That title got your attention, didn’t it?

The Oregonian reported Sunday that biofuel production is increasing the price of beer, threatening significant impacts on Portland’s thriving microbrewery industry.

“Hops and barley acreage has been declining — hops because of a 10-year glut and barley because many farmers are planting corn for ethanol instead. Ethanol has also diverted corn from the feed market, often making it more lucrative to sell barley for feed instead of to the malting houses that supply brewers.”

OK, now can we start talking about the moral and economic impacts of burning food for fuel? Can we discuss the trade-offs in Oregon’s agricultural, microbrewery, and other industries, related to biofuels? We’re not talking about raising the cost of staple-food tortillas in Mexico now, we’re facing increases in the price of Portland’s beers.

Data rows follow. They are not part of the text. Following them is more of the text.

lemma quadratic_form_indicator:
  fixes Y :: "complex mat"
  assumes Y: "Y \<in> carrier_mat N N" and S: "S \<subseteq> {..<N}"
  defines "v \<equiv> vec N (\<lambda>I. of_bool (I \<in> S))"
  shows "conjugate v \<bullet> (Y *\<^sub>v v) = (\<Sum>I\<in>S. \<Sum>J\<in>S. Y $$ (I, J))"
proof -
  have restrict: "(\<Sum>I<N. of_bool (I \<in> S) * f I) = (\<Sum>I\<in>S. f I)" for f :: "nat \<Rightarrow> complex"
  proof -
    have "(\<Sum>I<N. of_bool (I \<in> S) * f I) = (\<Sum>I<N. if I \<in> S then f I else 0)"
      by (intro sum.cong) auto
    also have "\<dots> = sum f ({..<N} \<inter> S)" by (simp add: sum.inter_restrict)
    finally show ?thesis using S by (simp add: Int_absorb1)
  qed
  have "conjugate v \<bullet> (Y *\<^sub>v v) = (\<Sum>I<N. of_bool (I \<in> S) * (\<Sum>J<N. of_bool (J \<in> S) * Y $$ (I, J)))"
    using Y by (simp add: v_def scalar_prod_def atLeast0LessThan mult.commute)
  then show ?thesis by (simp add: restrict)
qed

lemma choi_trace_nonneg:
  assumes E: "psd (d * d) E" and \<Phi>: "linear_map_on d \<Phi>" "completely_positive d \<Phi>"
  shows "0 \<le> Re (mtrace (E * choi d \<Phi>))"
proof -
  define Y where "Y = id_tensor (d * d) d \<Phi> (test_lift d E)"
  define diag where "diag k = k * d + k mod d" for k
  define v :: "complex vec" where "v = vec (d * d * d) (\<lambda>I. of_bool (I \<in> diag ` {..<d * d}))"
  have Y: "psd (d * d * d) Y"
    using \<Phi>(2) psd_test_lift[OF E] by (simp add: completely_positive_def Y_def)
  have diag_less: "diag k < d * d * d" if "k < d * d" for k
  proof -
    have "0 < d" using that by (cases d) auto
    then show ?thesis using that by (simp add: diag_def mult_add_less_mult_nat)
  qed
  have "inj_on diag {..<d * d}"
  proof (rule inj_on_inverseI[of _ "\<lambda>I. I div d"])
    fix k assume "k \<in> {..<d * d}"
    then have "0 < d" by (cases d) auto
    then show "diag k div d = k" by (simp add: diag_def)
  qed
  then have "conjugate v \<bullet> (Y *\<^sub>v v) = (\<Sum>k<d * d. \<Sum>l<d * d. Y $$ (diag k, diag l))"
    using Y diag_less unfolding v_def
    by (subst quadratic_form_indicator) (auto simp: psd_def sum.reindex)
  also have "\<dots> = (\<Sum>k<d * d. \<Sum>l<d * d. E $$ (l, k) * choi d \<Phi> $$ (k, l))"
    by (intro sum.cong refl) (simp add: Y_def diag_def index_id_tensor_test_lift[OF \<Phi>(1)])
  also have "\<dots> = mtrace (E * choi d \<Phi>)"
    using E by (subst sum.swap)
      (simp add: psd_def mtrace_mult[OF _ choi_carrier_linear[OF \<Phi>(1)]] mult.commute)
  finally have "conjugate v \<bullet> (Y *\<^sub>v v) = mtrace (E * choi d \<Phi>)" .
  moreover have "0 \<le> Re (conjugate v \<bullet> (Y *\<^sub>v v))" using Y by (simp add: psd_def v_def)
  ultimately show ?thesis by simp
qed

Future state and local subsidies for biofuel crop production should include analysis of what is not going to get grown/eaten/drunk if farmland is used to grow stuff for fuel. If either humans or animals eat a crop, that product shouldn’t be used for biofuels. Cellulose, waste products, used fryer oil – sure, convert them all to biofuels. Land where nothing edible can grow, and hardier plants suitable for conversion can be sustained without significant environmental impacts? Waste not, want not, as the saying went during World War I. Corn, canola, and other foods are needed for hungry people and animals, not car engines. Portland’s brewers and the people who enjoy their products are stakeholders in the City’s subsidies of biofuels. Care and attention must be given to which biofuels to support.